To find the equation for the line of best fit on any graph you need to find the gradient of the line and the y intercept. So you can substitute them into the equation for every line which is y = mx + c. So therefore I need to find them for my graphs.
For example if the gradient on my graph was 40, I could substitute this into my equation: y = 40x + c
Now because my line doesn’t go through the y-axis we have to work out where about it would normally go so I need to substitute in 2 values off my graph. I have chosen them as:
x = 1.4
y = 42
So I need to replace x and y to find c:
42 = 40 x 1.4 + c
42 = 56 + c ...
Calculating correlation coefficients
To make accurate comparisons of the two sets of data for each sex and age, I will use spearmans rank. Spearmans rank will show me how closely related height is to weight. Because I have to do the ranking four times, I have decided to only use a sub-sample of ten random people from years 7 and 11 for boys and girls. I will choose the people for my sample via a random number generator on my calculator however, my calculator goes into the second decimal place so I will round up to the nearest whole number. After I have worked out the difference between the ranks squared (d²) I will then use the following equation to calculate the correlation coefficient:
1-6Σd² / n(n²-1)
Year 7 boys
The sum of d² is 71.5
1 – 6 x 71.5/10(10²-1) = 0.56
Year 7 Girls
The sum of d² is 93.50
1 – 6 x 93.50/10(10²-1) = 0.43
Year 11 Boys
The sum of d² is 5.50
1 – 6 x 5.50/10(10²-1) = 0.96
Year 11 Girls
The sum of d² is 117
1 – 6 x 117/10(10²-1) = 0.29
Conclusions
I can tell from these scatter graphs first of all that the girls have a poorer correlation than the boys, this is also proved by my spearmans ranking where I discovered that the correlation coefficient is much greater for boys than for girls. Although the boys have better correlation, the girls have a closer height bracket whereas the boys have a bigger height bracket and a better correlation. In both of the graphs the majority of people are in the 1.6m to 1.8m range. The boys height however continues after 1.8m unlike the girls.
Very like in year 7 the girls weight is not spread out and the majority are still compacted into the 40kg to 60 kg weight range, although it is now more spread out because before it was all nearly on the 40kg line whereas now it is more spread out but still very compact.
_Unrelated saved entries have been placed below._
lemma compatible_total_order_refining_linear_form:
  fixes g :: "'a::euclidean_space \<Rightarrow> real"
  assumes "linear g"
  obtains le where "compatible_total_order S le"
    and "\<And>x. 0 < g x \<Longrightarrow> le 0 x" and "\<And>x. g x < 0 \<Longrightarrow> le x 0"
proof -
  obtain bl where bl: "set bl = (Basis :: 'a set)"
    using finite_list[OF finite_Basis] by blast
  define hs where "hs = g # map (\<lambda>b x. x \<bullet> b) bl"
  have lin: "\<forall>h\<in>set hs. linear h"
    using assms by (auto simp: hs_def intro: bounded_linear.linear[OF bounded_linear_inner_left])
  define le where "le x y = lex_nonneg hs (y - x)" for x y :: 'a
  have antisym: "x = y" if "le x y" "le y x" for x y
  proof -
    have "lex_nonneg hs (y - x)" "lex_nonneg hs (- (y - x))"
      using that by (simp_all add: le_def)
    then have "h (y - x) = 0" if "h \<in> set hs" for h
      using lex_nonneg_antisym[OF lin] that by blast
    then have "(y - x) \<bullet> b = 0" if "b \<in> Basis" for b
      using that bl by (auto simp: hs_def)
    then show "x = y" using euclidean_all_zero_iff[of "y - x"] by simp
  qed
  have "compatible_total_order S le"
    unfolding compatible_total_order_def
  proof (intro conjI ballI allI impI)
    fix x y z
    show "le x x" using lex_nonneg_0[OF lin] by (simp add: le_def)
    show "le x y \<or> le y x" using lex_nonneg_or_uminus[OF lin, of "y - x"] by (simp add: le_def)
    show "le x y \<Longrightarrow> le (x + z) (y + z)" by (simp add: le_def)
    show "le x y \<and> le y x \<Longrightarrow> x = y" using antisym by blast
    show "le x y \<and> le y z \<Longrightarrow> le x z"
      using lex_nonneg_add[OF lin, of "y - x" "z - y"] by (simp add: le_def)
  next
    fix x y and c :: real
    assume "0 < c \<and> le x y"
    then show "le (c *\<^sub>R x) (c *\<^sub>R y)"
      using lex_nonneg_scaleR[OF lin, of c "y - x"] by (simp add: le_def scaleR_diff_right)
  qed
  moreover have "le 0 x" if "0 < g x" for x
    using that by (simp add: le_def hs_def)
  moreover have "le x 0" if "g x < 0" for x
    using that linear_neg[OF assms] by (simp add: le_def hs_def)
  ultimately show thesis by (rule that)
qed

section \<open>Positive roots and the height functional\<close>

locale based_root_system =
  fixes Phi Sim :: "'a::euclidean_space set" and ht :: "'a \<Rightarrow> real"
  assumes root_system: "root_system Phi" and base: "is_base Phi Sim"
    and linear_ht: "linear ht" and ht_simple: "\<And>p. p \<in> Sim \<Longrightarrow> ht p = 1"
begin

abbreviation Pos :: "'a set" where "Pos \<equiv> pos_roots Phi Sim"

lemma finite_roots: "finite Phi"
  using root_system by (simp add: root_system_def)

lemma zero_notin_roots: "0 \<notin> Phi"
  using root_system by (simp add: root_system_def)

lemma refl_root: "a \<in> Phi \<Longrightarrow> b \<in> Phi \<Longrightarrow> refl a b \<in> Phi"
  using root_system by (auto simp: root_system_def)
(* Let $K:\ell^2\to\mathcal{H}$ be a bounded, linear and injective operator into a real Hilbert space $\mathcal{H}$, let $f\in\mathcal{H}$, let $w=(w_k)_{k\in\mathbb{N}}$ be a sequence with $w_k\ge w_0>0$ for all $k$, and fix $\gamma>0$. Let $\bar u\in\ell^2$ be the unique minimizer of $\Psi(u)=\frac12\|Ku-f\|_{\mathcal{H}}^2+\sum_{k=1}^\infty w_k|u_k|$ over $\ell^2$. Define $\mathcal{F}:\ell^2\to\ell^2$ by $\mathcal{F}(u)=u-\mathcal{S}_{\gamma w}(u-\gamma K^*(Ku-f))$, and for $u\in\ell^2$ let $\mathcal{A}(u)=\{k\in\mathbb{N}: |u-\gamma K^*(Ku-f)|_k>\gamma w_k\}$, $P_{\mathcal{A}(u)}$ the coordinate projection onto the indices in $\mathcal{A}(u)$, and $\mathcal{G}(u)=(I-P_{\mathcal{A}(u)})+\gamma P_{\mathcal{A}(u)}K^*K\in L(\ell^2,\ell^2)$. Let $\rho>0$ and $k_0\in\mathbb{N}$ be such that $\|u-\bar u\|<\rho$ implies $\mathcal{A}(u)\subset\{1,\dots,k_0\}$ (such $\rho,k_0$ exist). Then there exists $r\in(0,\rho]$ such that for every $u^0\in\ell^2$ with $\|u^0-\bar u\|<r$, the semismooth Newton iteration $u^{n+1}=u^n-\mathcal{G}(u^n)^{-1}\mathcal{F}(u^n)$, $n=0,1,2,\dots$, is well defined, all iterates satisfy $\|u^n-\bar u\|<r$, and $u^n\to\bar u$ superlinearly, i.e. $\|u^{n+1}-\bar u\|=o(\|u^n-\bar u\|)$.
   Context: $\ell^2$ is the Hilbert space of real square-summable sequences with norm $\|\cdot\|$; $K^*$ is the Hilbert space adjoint of $K$. For a sequence $v=(v_k)$ with $v_k>0$, the soft-thresholding operator is $\mathcal{S}_{v}(u)_k=\max\{0,|u_k|-v_k\}\,\mathrm{sgn}(u_k)$; $\gamma w$ denotes the sequence $(\gamma w_k)$. $|x|_k$ denotes $|x_k|$. *)

theory Defs
  imports "HOL-Analysis.Analysis" "HOL-Library.Landau_Symbols"
begin
theorem mainTheorem4:
  fixes F :: "complex^'n^'n \<Rightarrow> complex^'n^'n" and \<gamma> :: real
    and x0 :: "complex^'n^'n"
  assumes gamma_pos: "\<gamma> > 0"
    and F_herm: "\<forall>x\<in>density. hermitian (F x)"
    and F_cont: "continuous_on density F"
    and F_ineq: "\<forall>x\<in>density_ri. \<forall>y\<in>density_ri.
                   0 \<le> hs_inner x (F x - F y) \<and> hs_inner x (F x - F y) \<le> \<gamma> * rel_entropy x y"
    and x0_ri: "x0 \<in> density_ri"
  defines "f \<equiv> (\<lambda>x. hs_inner x (F x))"
  shows
    "(\<forall>k. qba_iter F \<gamma> x0 (Suc k) \<in> density
        \<and> (\<forall>x\<in>density.
              hs_inner (F (qba_iter F \<gamma> x0 k)) (qba_iter F \<gamma> x0 (Suc k))
                + \<gamma> * bregman_negent (qba_iter F \<gamma> x0 (Suc k)) (qba_iter F \<gamma> x0 k)
              \<le> hs_inner (F (qba_iter F \<gamma> x0 k)) x
                + \<gamma> * bregman_negent x (qba_iter F \<gamma> x0 k))
        \<and> (\<forall>x\<in>density.
              hs_inner (F (qba_iter F \<gamma> x0 k)) x
                + \<gamma> * bregman_negent x (qba_iter F \<gamma> x0 k)
              \<le> hs_inner (F (qba_iter F \<gamma> x0 k)) (qba_iter F \<gamma> x0 (Suc k))
                + \<gamma> * bregman_negent (qba_iter F \<gamma> x0 (Suc k)) (qba_iter F \<gamma> x0 k)
              \<longrightarrow> x = qba_iter F \<gamma> x0 (Suc k)))
     \<and> (\<forall>x\<in>density_ri. f x = hs_inner x (F x)
          \<and> (f has_derivative (\<lambda>h. hs_inner (F x) h)) (at x within density))
     \<and> convex_on density_ri (\<lambda>x. \<gamma> * negentropy x - f x)
     \<and> (\<forall>a>0. (\<forall>x\<in>density_ri. \<forall>y\<in>density_ri. hs_inner x (F x - F y) \<ge> a * rel_entropy x y)
          \<longrightarrow> convex_on density_ri (\<lambda>x. f x - a * negentropy x))"
proof -
  have F_herm_ri: "hermitian (F x)" if "x \<in> density_ri" for x
    using that F_herm density_ri_subset_density by blast
  have iter_ri: "qba_iter F \<gamma> x0 k \<in> density_ri" for k
    by (induction k) (simp_all add: x0_ri qba_step_mirror_descent(1) F_herm_ri gamma_pos)
  have "qba_iter F \<gamma> x0 (Suc k) \<in> density" for k
    using iter_ri density_ri_subset_density by blast
  moreover note
    qba_step_mirror_descent(2,3)[where F = F, OF iter_ri F_herm_ri[OF iter_ri] gamma_pos]
  moreover have "(f has_derivative (\<lambda>h. hs_inner (F x) h)) (at x within density)"
    if "x \<in> density_ri" for x
    unfolding f_def using F_cont F_ineq that by (intro has_derivative_hs_inner_self) auto
  moreover have "convex_on density_ri (\<lambda>x. \<gamma> * negentropy x - f x)"
    unfolding f_def using F_ineq by (intro convex_on_of_rel_entropy_bound) auto
  moreover have "convex_on density_ri (\<lambda>x. f x - a * negentropy x)"
    if "\<forall>x\<in>density_ri. \<forall>y\<in>density_ri. hs_inner x (F x - F y) \<ge> a * rel_entropy x y" for a
    unfolding f_def using that by (rule convex_on_of_rel_entropy_lower_bound)
  ultimately show ?thesis by (auto simp: f_def)
qed
end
The boy’s weight is spread out mainly in the 40kg to 80kg range. This shows us that while the girls are fairly uniform in weight the boys are a lot more varied. Like my first prediction the boys are heavier then the girls by year 11.
I can tell from the year 11 cumulative frequency graph for weight that the boys are heavier because the graph ends later for boys then the girls. Also the boys have a greater inter-quartile range. I can tell this because of the shape of the curves. The girls have a tight distribution. I can also tell from the year 11 cumulative frequency graph for height that boys are taller since because many more boys are still on the graph even after the tallest girl has been counted for.
Evaluation
I think that my investigation has been a complete success in proving my original hypothesis, however I do think that I should have made my original samples a little larger, also I think that my sub-sample for spearmans rank was too small as the correlation would have greatly varied if one result was different as there was such a small number of samples. Apart from that I think I have proved that females tend to be of the same weight, but with varied heights, making them have poor correlation, and men tend to be spread over a wide range of heights and weights, but have both strongly related.